Since the Herald story broke it’s been disheartening to watch the response of some of those close to the project. Michael Barnett, head of the Auckland Chamber of Commerce and a member of the Global Auckland advisory committee, said, “We don’t need a bumper sticker strategy”. Instead, he suggested, we should create “a compelling Auckland story”. Dear god. Was he asleep at the meetings or did he just not turn up?

The Ngāti Whātua Trust Board complained “a lot of time and money could have been saved by simply engaging with iwi and the community”. Perhaps Ngarimu Blair, representing Ngāti Whātua on the advisory board, was also asleep, or absent, or both, because that’s exactly what ATEED did.

As for Cr Rent-a-Quack, Dick Quax, he called the whole exercise “an outrageous raping of the ratepayer”. Listen, Dick. You can’t talk about rape like that. And you were on the council when it voted for the project. And you believe in business development, don’t you?

New mayor Phil Goff has distanced himself from the project, which he had no part in creating. His response is understandable but also disappointing, and he must feel like he got whacked on the back of the head when he wasn’t looking. Understandable because this is not a fight he needs to pick so early in his tenure. Disappointing because overseeing the way Auckland sells itself to the world is an important part of his job, and he can’t hide from that.

Whacked on the back of the head because it was his introduction, if he needed it, to the reality of being a mayor or council in this town. Which is this. Whenever you try to do something there will be a whole bunch of people, some of whom you thought had helped you do it, who will stand on the sidelines and just keep shouting “Bullshit!” The Herald will be conducting them.

As for the slogan itself, sadly, it’s not great. But there’s no such thing as a new city slogan that everyone will like. It does have the advantage that it invites the curious to find out why the city is popular. That’s good.

But it isn’t snappy so it won’t be memorable. And it isn’t distinctive: all good cities are desired by many. What distinctiveness it does have is buried in its origins, as the supposed translation of Tāmaki Makaurau, the Māori name for Auckland. That is disingenuous.

“Desired by many” is a new meaning for makaurau. Makau is a word for lovers, or sometimes favourites, and rau means a hundred, or more loosely, an awful lot.  ATEED’s own website gives the translation as “Tāmaki desired by many lovers”, and Te Ara, the official New Zealand encyclopedia, refers both to “numerous lovers” and “a thousand lovers”.

The city of a thousand lovers is a brilliant slogan, which in its innocent form totally conjures a city the whole world would want to live in. Alas, we are not innocents. A city defined by everyone cruising for sex? Not so good. Besides, “city of lovers” doesn’t quite have the breadth of purpose the council needs.
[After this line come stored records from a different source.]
lemma wallis_prod_LIMSEQ:
  assumes "0 < Re z"
  shows "wallis_prod z \<longlonglongrightarrow> Gamma (z + 1/2) ^ 2 / (z * Gamma z ^ 2)"
proof -
  have "z \<noteq> 0" "Gamma z \<noteq> 0" using assms Gamma_nonzero_of_Re_pos by auto
  hence "(\<lambda>n. Gamma_series (z + 1/2) n ^ 2 / (z * Gamma_series z n ^ 2) * (1 + (z + 1) / of_nat n))
      \<longlonglongrightarrow> Gamma (z + 1/2) ^ 2 / (z * Gamma z ^ 2) * (1 + 0)"
    by (intro tendsto_intros Gamma_series_LIMSEQ tendsto_divide_0[OF tendsto_const]
        tendsto_of_nat) auto
  moreover have "eventually (\<lambda>n. Gamma_series (z + 1/2) n ^ 2 / (z * Gamma_series z n ^ 2)
      * (1 + (z + 1) / of_nat n) = wallis_prod z (Suc n)) sequentially"
    using eventually_gt_at_top[of 0]
  proof eventually_elim
    case (elim n)
    have "z + of_nat n + 1 \<noteq> 0" using assms by (auto simp: complex_eq_iff)
    moreover have "1 + (z + 1) / of_nat n = (z + of_nat n + 1) / of_nat n"
      using elim by (simp add: field_simps)
    ultimately show ?case
      using elim by (simp add: Gamma_series_half_shift_sq[OF assms elim])
  qed
  ultimately have "(\<lambda>n. wallis_prod z (Suc n)) \<longlonglongrightarrow> Gamma (z + 1/2) ^ 2 / (z * Gamma z ^ 2)"
    by (simp add: tendsto_cong)
  thus ?thesis by (rule LIMSEQ_imp_Suc)
qed
text \<open>Along the iteration the Douglas--Rachford merit function
  M(t) = f(y(t+1)) + g(z(t+1)) + (|2 y(t+1) - x(t) - z(t+1)|^2 - |y(t+1) - x(t)|^2) / (2\<gamma>)
  is nonincreasing.  The optimality condition of the y-step gives x(t) = y(t+1) + \<gamma> grad f(y(t+1)),
  and with it M(t+1) - M(t) is at most
  (\<gamma> |grad f(y(t+2)) - grad f(y(t+1))|^2 - \<sigma> |y(t+2) - y(t+1)|^2) / 2,
  which is nonpositive because \<gamma> L^2 < \<sigma> (the bound on \<gamma> together with \<sigma> \<le> L).
  By the descent lemma M(t) dominates (f + g)(z(t+1)) + (1/(2\<gamma>) - L/2) |z(t+1) - y(t+1)|^2.
  Coercivity then bounds z; as g has a quadratic minorant (from its proximal point at 0) and f is
  bounded on bounded sets, |z(t+1) - y(t+1)| is bounded too, and the bounds on y and x follow.\<close>

lemma norm_convex_combination_power2:
  fixes p q :: "'a::real_inner"
  shows "(norm ((1 - s) *\<^sub>R p + s *\<^sub>R q))\<^sup>2
    = (1 - s) * (norm p)\<^sup>2 + s * (norm q)\<^sup>2 - s * (1 - s) * (norm (p - q))\<^sup>2"
  unfolding power2_norm_eq_inner by (simp add: inner_simps algebra_simps inner_commute)

lemma lipschitz_gradient_upper_bound:
  fixes f :: "'a::real_inner \<Rightarrow> real"
  assumes f_grad: "\<forall>u. (f has_derivative (\<lambda>h. gradf u \<bullet> h)) (at u)"
    and grad_lip: "\<forall>u v. norm (gradf u - gradf v) \<le> L * norm (u - v)"
  shows "f v \<le> f u + gradf u \<bullet> (v - u) + L / 2 * (norm (v - u))\<^sup>2"
proof -
  define d where "d = v - u"
  define \<phi> where "\<phi> s = f (u + s *\<^sub>R d) - s * (gradf u \<bullet> d) - L / 2 * s\<^sup>2 * (norm d)\<^sup>2" for s
  have line_deriv: "((\<lambda>s. f (u + s *\<^sub>R d)) has_real_derivative (gradf (u + s *\<^sub>R d) \<bullet> d)) (at s)"
    for s
  proof -
    have "((\<lambda>s. u + s *\<^sub>R d) has_derivative (\<lambda>h. h *\<^sub>R d)) (at s)"
      by (auto intro!: derivative_eq_intros)
    from diff_chain_at[OF this f_grad[rule_format]] show ?thesis
      by (simp add: has_field_derivative_def o_def mult.commute[of _ "gradf _ \<bullet> d"])
  qed
  have \<phi>_deriv: "(\<phi> has_real_derivative
      ((gradf (u + s *\<^sub>R d) - gradf u) \<bullet> d - L * s * (norm d)\<^sup>2)) (at s)" for s
    unfolding \<phi>_def
    by (auto intro!: derivative_eq_intros line_deriv simp: power2_eq_square algebra_simps inner_diff_left)
  have "\<phi> 1 \<le> \<phi> 0"
  proof (rule DERIV_nonpos_imp_nonincreasing[of 0 1 \<phi>])
    fix s :: real assume s: "0 \<le> s" "s \<le> 1"
    have "(gradf (u + s *\<^sub>R d) - gradf u) \<bullet> d \<le> norm (gradf (u + s *\<^sub>R d) - gradf u) * norm d"
      by (rule norm_cauchy_schwarz)
    also have "\<dots> \<le> L * norm (s *\<^sub>R d) * norm d"
      using grad_lip[rule_format, of "u + s *\<^sub>R d" u] by (simp add: mult_right_mono)
    also have "\<dots> = L * s * (norm d)\<^sup>2"
      using s by (simp add: power2_eq_square)
    finally show "\<exists>D. DERIV \<phi> s :> D \<and> D \<le> 0"
      using \<phi>_deriv by (intro exI conjI) auto
  qed simp
  then show ?thesis
    unfolding \<phi>_def d_def by simp
qed

definition strongly_convex :: "('a::real_inner \<Rightarrow> real) \<Rightarrow> real \<Rightarrow> bool" where
  "strongly_convex \<phi> \<mu> \<longleftrightarrow> (\<forall>p q s. 0 \<le> s \<longrightarrow> s \<le> 1 \<longrightarrow>
     \<phi> ((1 - s) *\<^sub>R p + s *\<^sub>R q) \<le> (1 - s) * \<phi> p + s * \<phi> q - \<mu> / 2 * s * (1 - s) * (norm (p - q))\<^sup>2)"
lemma stratum_at_le_cleaving_skeleton_bound:
  assumes "gm_perversity p" "no_codim_one_strata X n F"
    and S: "stratum_at X n F i S" "i \<le> cleaving_skeleton n p" and "j \<le> 2"
  shows "int j + int (p (nat (int n - i))) < int n - i"
proof -
  have range: "0 \<le> i" "i < int n"
    using S cleaving_skeleton_less[of n p] unfolding stratum_at_def by auto
  have two: "2 \<le> nat (int n - i)"
    using stratum_at_codim_ge_two[OF assms(2) S(1) range(2)] by linarith
  have "\<not> enat (nat (int n - i)) \<le> cleaving_point p"
    using cleaving_skeleton_less_iff[of i n p] range S(2) by simp
  then have "p (nat (int n - i)) \<noteq> top_perversity (nat (int n - i))"
    using gm_perversity_eq_top_iff_le_cleaving_point[OF assms(1) two] by blast
  then have "p (nat (int n - i)) + 3 \<le> nat (int n - i)"
    by (rule gm_perversity_below_top[OF assms(1) two])
  then show ?thesis using \<open>j \<le> 2\<close> range by linarith
qed

lemma stratum_at_above_cleaving_skeleton_top:
  assumes "gm_perversity p" "no_codim_one_strata X n F"
    and S: "stratum_at X n F i S" "cleaving_skeleton n p < i" "i < int n"
  shows "top_perversity (nat (int n - i)) = p (nat (int n - i))"
proof -
  have two: "2 \<le> nat (int n - i)"
    using stratum_at_codim_ge_two[OF assms(2) S(1,3)] by linarith
  have "enat (nat (int n - i)) \<le> cleaving_point p"
    using cleaving_skeleton_less_iff[of i n p] S unfolding stratum_at_def by simp
  then show ?thesis using gm_perversity_eq_top_iff_le_cleaving_point[OF assms(1) two] by simp
qed

lemma intersection_pi1_cong:
  assumes "full_simplex X n F p 1 = full_simplex X' n' F' p' 1"
    and "full_simplex X n F p 2 = full_simplex X' n' F' p' 2"
  shows "intersection_pi1 X n F p x0 = intersection_pi1 X' n' F' p' x0"
  unfolding intersection_pi1_def full_loop_class_def full_loop_def full_loop_rel_def assms ..
(* Let $m\ge3$, $C$ a set of $m$ candidates, $T$ the set of all $m!$ strict rankings of $C$, and $w=(w_1,\dots,w_m)$ with $1=w_1\ge\cdots\ge w_m=0$; for $t\in T$, $\alpha\in C$ let $\sigma_t(\alpha)=w_i$ where $i$ is the position of $\alpha$ in $t$. Suppose $n$ voters each independently choose a ranking uniformly from $T$, let $N_t$ be the number choosing $t$, and $|\alpha|=\sum_t N_t\sigma_t(\alpha)$. Let $$K=\begin{cases}2\,m!\,(1-w_{m-1})^{-1}, & w_{m-1}<1,\\ 0, & w_{m-1}=1.\end{cases}$$ Then with probability 1 the following holds: if some candidate $a$ satisfies $|a|>|\alpha|$ for all $\alpha\ne a$, then for every $\beta\neq a$, $$Q_1(\beta)\le Q_2(\beta)+K,$$ where $Q_1(\beta)$ and $Q_2(\beta)$ are defined as follows. Let $\bar T_{\beta a}$ be the set of types ranking $\beta$ above $a$, and $T_\beta$ the set of types ranking $\beta$ first. $Q_1(\beta)$ is the optimal value (or $+\infty$ if infeasible) of the integer linear program: minimize $\sum_{t\in\bar T_{\beta a}}x_t$ subject to $$\sum_{t\in T_\beta}y_t(1-\sigma_t(\alpha))-\sum_{t\in\bar T_{\beta a}}x_t(\sigma_t(\beta)-\sigma_t(\alpha))\ge |\alpha|-|\beta|\quad\forall\alpha\ne\beta,$$ $\sum_{t\in T_\beta}y_t=\sum_{t\in\bar T_{\beta a}}x_t$, $0\le x_t\le N_t$ for $t\in\bar T_{\beta a}$, $y_t\ge0$ for $t\in T_\beta$, and all $x_t,y_t$ integers. $Q_2(\beta)$ is the optimal value (or $+\infty$ if infeasible) of the same program with the integrality constraints removed and the constraint $0\le x_t\le N_t$ replaced by $0\le x_t\le N_t-K$.
   Context: Voters' rankings ("types") are drawn under the Impartial Culture model: each of the $n$ voters independently picks one of the $m!$ rankings with equal probability. *)

theory Defs
  imports "HOL-Probability.Probability" "HOL-Combinatorics.Multiset_Permutations"
begin

text \<open>A type (strict ranking) is a list listing all candidates of C exactly once,
  most preferred first.  The position of a candidate is its (0-based) list index.\<close>

definition rankings :: "'a set \<Rightarrow> 'a list set" where
  "rankings C = permutations_of_set C"

definition pos :: "'a list \<Rightarrow> 'a \<Rightarrow> nat" where
  "pos t \<alpha> = (LEAST i. t ! i = \<alpha>)"

definition sigma :: "(nat \<Rightarrow> real) \<Rightarrow> 'a list \<Rightarrow> 'a \<Rightarrow> real" where
  "sigma w t \<alpha> = w (pos t \<alpha> + 1)"

definition type_count :: "nat \<Rightarrow> (nat \<Rightarrow> 'a list) \<Rightarrow> 'a list \<Rightarrow> nat" where
  "type_count n prof t = card {i \<in> {..<n}. prof i = t}"

definition score :: "'a set \<Rightarrow> (nat \<Rightarrow> real) \<Rightarrow> ('a list \<Rightarrow> nat) \<Rightarrow> 'a \<Rightarrow> real" where
  "score C w N \<alpha> = (\<Sum>t\<in>rankings C. real (N t) * sigma w t \<alpha>)"

definition Kconst :: "nat \<Rightarrow> (nat \<Rightarrow> real) \<Rightarrow> real" where
  "Kconst m w = (if w (m - 1) < 1 then 2 * fact m / (1 - w (m - 1)) else 0)"

definition above :: "'a set \<Rightarrow> 'a \<Rightarrow> 'a \<Rightarrow> 'a list set" where
  "above C \<beta> a = {t \<in> rankings C. pos t \<beta> < pos t a}"

definition first :: "'a set \<Rightarrow> 'a \<Rightarrow> 'a list set" where
  "first C \<beta> = {t \<in> rankings C. pos t \<beta> = 0}"

definition lp_feasible ::
  "'a set \<Rightarrow> (nat \<Rightarrow> real) \<Rightarrow> ('a list \<Rightarrow> nat) \<Rightarrow> 'a \<Rightarrow> 'a \<Rightarrow> real \<Rightarrow> bool
    \<Rightarrow> ('a list \<Rightarrow> real) \<Rightarrow> ('a list \<Rightarrow> real) \<Rightarrow> bool" where
  "lp_feasible C w N a \<beta> bnd intg x y \<longleftrightarrow>
     (\<forall>\<alpha>\<in>C - {\<beta>}.
        (\<Sum>t\<in>first C \<beta>. y t * (1 - sigma w t \<alpha>))
        - (\<Sum>t\<in>above C \<beta> a. x t * (sigma w t \<beta> - sigma w t \<alpha>))
        \<ge> score C w N \<alpha> - score C w N \<beta>) \<and>
     (\<Sum>t\<in>first C \<beta>. y t) = (\<Sum>t\<in>above C \<beta> a. x t) \<and>
     (\<forall>t\<in>above C \<beta> a. 0 \<le> x t \<and> x t \<le> real (N t) - bnd) \<and>
     (\<forall>t\<in>first C \<beta>. 0 \<le> y t) \<and>
     (intg \<longrightarrow> (\<forall>t\<in>above C \<beta> a. x t \<in> \<int>) \<and> (\<forall>t\<in>first C \<beta>. y t \<in> \<int>))"

text \<open>Optimal value of the minimisation program (+infinity if infeasible).\<close>
definition lp_value ::
  "'a set \<Rightarrow> (nat \<Rightarrow> real) \<Rightarrow> ('a list \<Rightarrow> nat) \<Rightarrow> 'a \<Rightarrow> 'a \<Rightarrow> real \<Rightarrow> bool \<Rightarrow> ereal" where
  "lp_value C w N a \<beta> bnd intg =
     Inf {ereal (\<Sum>t\<in>above C \<beta> a. x t) | x y. lp_feasible C w N a \<beta> bnd intg x y}"

definition Q1 :: "'a set \<Rightarrow> (nat \<Rightarrow> real) \<Rightarrow> ('a list \<Rightarrow> nat) \<Rightarrow> 'a \<Rightarrow> 'a \<Rightarrow> ereal" where
  "Q1 C w N a \<beta> = lp_value C w N a \<beta> 0 True"

definition Q2 :: "'a set \<Rightarrow> (nat \<Rightarrow> real) \<Rightarrow> ('a list \<Rightarrow> nat) \<Rightarrow> real \<Rightarrow> 'a \<Rightarrow> 'a \<Rightarrow> ereal" where
  "Q2 C w N K a \<beta> = lp_value C w N a \<beta> K False"

definition IC_profile :: "'a set \<Rightarrow> nat \<Rightarrow> (nat \<Rightarrow> 'a list) pmf" where
  "IC_profile C n = Pi_pmf {..<n} [] (\<lambda>_. pmf_of_set (rankings C))"

end

theory Submission
  imports Defs
begin

text \<open>Every feasible solution \<open>(x, y)\<close> of the relaxed program is rounded to an integral solution of
  the original one whose objective is larger by at most \<open>K\<close>.

  If \<open>w (m - 1) < 1\<close>, round every \<open>x t\<close> up and send the excess fraction of voters of type \<open>t\<close>
  to the type obtained from \<open>t\<close> by swapping \<open>\<beta>\<close> with the top candidate; this never decreases
  \<open>|\<beta>| - |\<alpha>|\<close>. Then round every \<open>y t\<close> down. This loses an integral number \<open>r < m!\<close> of voters,
  which are restored on the type \<open>\<beta> # p @ [a]\<close> together with \<open>\<lceil>r / (1 - w (m - 1))\<rceil>\<close> voters
  moved from \<open>p @ [\<beta>, a]\<close>, each of whom raises \<open>|\<beta>| - |\<alpha>|\<close> by at least \<open>1 - w (m - 1)\<close>. Each
  rounding adds at most \<open>m! / (1 - w (m - 1)) = K / 2\<close> to the objective, and the slack \<open>K\<close> in the
  bounds \<open>x t \<le> N t - K\<close> leaves room for the moved voters.

  If \<open>w (m - 1) = 1\<close>, then \<open>sigma w t \<alpha>\<close> is \<open>0\<close> or \<open>1\<close> according as \<open>\<alpha>\<close> is ranked last in \<open>t\<close> or not,
  the constraints split into one integral constraint per last-ranked candidate, and an integral
  solution with no larger objective exists (here \<open>K = 0\<close>).\<close>

lemma rankings_iff: "t \<in> rankings C \<longleftrightarrow> set t = C \<and> distinct t"
  by (simp add: rankings_def permutations_of_set_def)

lemma pos_nth: "distinct t \<Longrightarrow> i < length t \<Longrightarrow> pos t (t ! i) = i"
  unfolding pos_def
proof (rule Least_equality)
  fix j assume "distinct t" "i < length t" "t ! j = t ! i"
  then show "i \<le> j"
    by (cases "j < length t") (auto simp: nth_eq_iff_index_eq)
qed auto

lemma nth_pos:
  assumes "x \<in> set t"
  shows "pos t x < length t" and "t ! pos t x = x"
proof -
  obtain i where i: "i < length t" "t ! i = x"
    using assms by (auto simp: in_set_conv_nth)
  then have "t ! pos t x = x" "pos t x \<le> i"
    unfolding pos_def by (metis (mono_tags) LeastI, metis (mono_tags) Least_le)
  with i show "pos t x < length t" "t ! pos t x = x" by auto
qed

lemma pos_map: "inj f \<Longrightarrow> distinct s \<Longrightarrow> y \<in> set s \<Longrightarrow> pos (map f s) (f y) = pos s y"
  using pos_nth[of "map f s" "pos s y"] nth_pos[of y s] by (simp add: distinct_map inj_on_subset)

lemma sigma_nth: "distinct t \<Longrightarrow> i < length t \<Longrightarrow> sigma w t (t ! i) = w (Suc i)"
  by (simp add: sigma_def pos_nth)

lemma bounded_nat_split:
  fixes c :: "'i \<Rightarrow> nat"
  assumes "finite S" and "k \<le> (\<Sum>i\<in>S. c i)"
  obtains v where "\<And>i. i \<in> S \<Longrightarrow> v i \<le> c i" and "(\<Sum>i\<in>S. v i) = k"
proof -
  from assms have "\<exists>v. (\<forall>i\<in>S. v i \<le> c i) \<and> (\<Sum>i\<in>S. v i) = k"
  proof (induction S arbitrary: k rule: finite_induct)
    case (insert i S)
    define j where "j = min k (\<Sum>i\<in>S. c i)"
    obtain v where v: "\<forall>i\<in>S. v i \<le> c i" "(\<Sum>i\<in>S. v i) = j"
      using insert.IH[of j] by (auto simp: j_def)
    have "(\<Sum>s\<in>S. (v(i := k - j)) s) = j"
      using v insert.hyps by (auto intro!: sum.cong)
    moreover have "k - j \<le> c i"
      using insert.prems insert.hyps by (auto simp: j_def)
    ultimately show ?case
      using v insert.hyps by (auto simp: j_def intro!: exI[of _ "v(i := k - j)"])
  qed simp
  then show ?thesis using that by blast
qed

lemma bounded_nat_split_grouped:
  fixes c :: "'i \<Rightarrow> nat" and v :: "'g \<Rightarrow> nat"
  assumes "finite S" and v_le: "\<And>g. g \<in> G \<Longrightarrow> v g \<le> (\<Sum>i\<in>{i \<in> S. f i = g}. c i)"
  obtains u where "\<And>i. i \<in> S \<Longrightarrow> u i \<le> c i"
    and "\<And>g. g \<in> G \<Longrightarrow> (\<Sum>i\<in>{i \<in> S. f i = g}. u i) = v g"
proof -
  have "\<forall>g\<in>G. \<exists>u. (\<forall>i\<in>{i \<in> S. f i = g}. u i \<le> c i) \<and> (\<Sum>i\<in>{i \<in> S. f i = g}. u i) = v g"
  proof
    fix g assume "g \<in> G"
    from \<open>finite S\<close> v_le[OF this] show "\<exists>u. (\<forall>i\<in>{i \<in> S. f i = g}. u i \<le> c i) \<and> (\<Sum>i\<in>{i \<in> S. f i = g}. u i) = v g"
      by (elim bounded_nat_split[rotated]) auto
  qed
  then obtain U where U: "\<And>g. g \<in> G \<Longrightarrow>
      (\<forall>i\<in>{i \<in> S. f i = g}. U g i \<le> c i) \<and> (\<Sum>i\<in>{i \<in> S. f i = g}. U g i) = v g"
    by metis
  define u where "u i = (if f i \<in> G then U (f i) i else 0)" for i
  show thesis
  proof
    show "u i \<le> c i" if "i \<in> S" for i
      using U[of "f i"] that by (auto simp: u_def)
    show "(\<Sum>i\<in>{i \<in> S. f i = g}. u i) = v g" if "g \<in> G" for g
      using U[OF that] that by (auto simp: u_def intro: sum.cong)
  qed
qed

text \<open>The integral solution is \<open>X g = v g\<close>, \<open>Y g = nat (d g)\<close>: the positive demands \<open>d g\<close> are
  covered by the slack \<open>min (X g) (- d g)\<close> of the groups with \<open>d g \<le> 0\<close>.\<close>
lemma integral_cover_split:
  fixes X Y :: "'g \<Rightarrow> real" and d :: "'g \<Rightarrow> int" and M :: "'g \<Rightarrow> nat"
  assumes "finite G"
    and bounds: "\<And>g. g \<in> G \<Longrightarrow> 0 \<le> X g \<and> X g \<le> M g \<and> 0 \<le> Y g \<and> d g \<le> Y g - X g"
    and sum_le: "(\<Sum>g\<in>G. Y g) \<le> (\<Sum>g\<in>G. X g)"
  obtains v :: "'g \<Rightarrow> nat"
  where "\<And>g. g \<in> G \<Longrightarrow> v g \<le> M g \<and> v g \<le> nat (- d g)"
    and "(\<Sum>g\<in>G. v g) = (\<Sum>g\<in>G. nat (d g))"
    and "(\<Sum>g\<in>G. real (v g)) \<le> (\<Sum>g\<in>G. X g)"
proof -
  define slack where "slack g = min (X g) (real (nat (- d g)))" for g
  have "real (nat (d g)) \<le> slack g + (Y g - X g)" if "g \<in> G" for g
    using bounds[OF that] by (auto simp: slack_def min_def)
  then have "(\<Sum>g\<in>G. real (nat (d g))) \<le> (\<Sum>g\<in>G. slack g + (Y g - X g))"
    by (rule sum_mono)
  then have "(\<Sum>g\<in>G. real (nat (d g))) \<le> (\<Sum>g\<in>G. slack g) + ((\<Sum>g\<in>G. Y g) - (\<Sum>g\<in>G. X g))"
    by (simp add: sum.distrib sum_subtractf)
  with sum_le have demand_le_slack: "(\<Sum>g\<in>G. real (nat (d g))) \<le> (\<Sum>g\<in>G. slack g)"
    by linarith
  also have "\<dots> \<le> (\<Sum>g\<in>G. real (min (M g) (nat (- d g))))"
    using bounds by (intro sum_mono) (force simp: slack_def of_nat_min intro: min.mono)
  finally have "(\<Sum>g\<in>G. nat (d g)) \<le> (\<Sum>g\<in>G. min (M g) (nat (- d g)))"
    by (simp flip: of_nat_sum)
  then obtain v where v: "\<And>g. g \<in> G \<Longrightarrow> v g \<le> min (M g) (nat (- d g))"
    and sum_v: "(\<Sum>g\<in>G. v g) = (\<Sum>g\<in>G. nat (d g))"
    using bounded_nat_split[OF \<open>finite G\<close>] by blast
  have "(\<Sum>g\<in>G. real (v g)) = (\<Sum>g\<in>G. real (nat (d g)))"
    by (simp flip: of_nat_sum add: sum_v)
  also have "\<dots> \<le> (\<Sum>g\<in>G. X g)"
    using demand_le_slack sum_mono[of G slack X] by (auto simp: slack_def)
  finally show ?thesis
    using v sum_v by (intro that) auto
qed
Not to mention, there’s the small matter of our being the city whose former mayor gave lovers everywhere a very bad name.

So, basing the slogan on a Māori proverb? Good. Sanitising the proverb in translation? That’s a flawed way to build a reputation, especially as the new version is far less evocative than the real one. #Desiredbynotmanyifany

The tricky thing about developing a slogan is that you could put 100 overpaid advertising geniuses in a room for a week and they still might fail to come up with a single good idea. But a clever person might think of the perfect line in the shower tomorrow morning. Creativity, damn it, is fickle.

The fact is, though, the campaign isn’t dependent on the slogan. Auckland needs to sell itself, ATEED is the right body to lead that process, and telling a good story is a good way to do it. Back to the shower cubicle for the slogan, please, and for Christ’s sake don’t get a focus group in there with you.

But as for the project itself, let’s be having it. Because Auckland, we know we need to compete and we’re down here at the bottom of the Pacific but we’re not really, are we? Because aren’t we going to become the leading edge?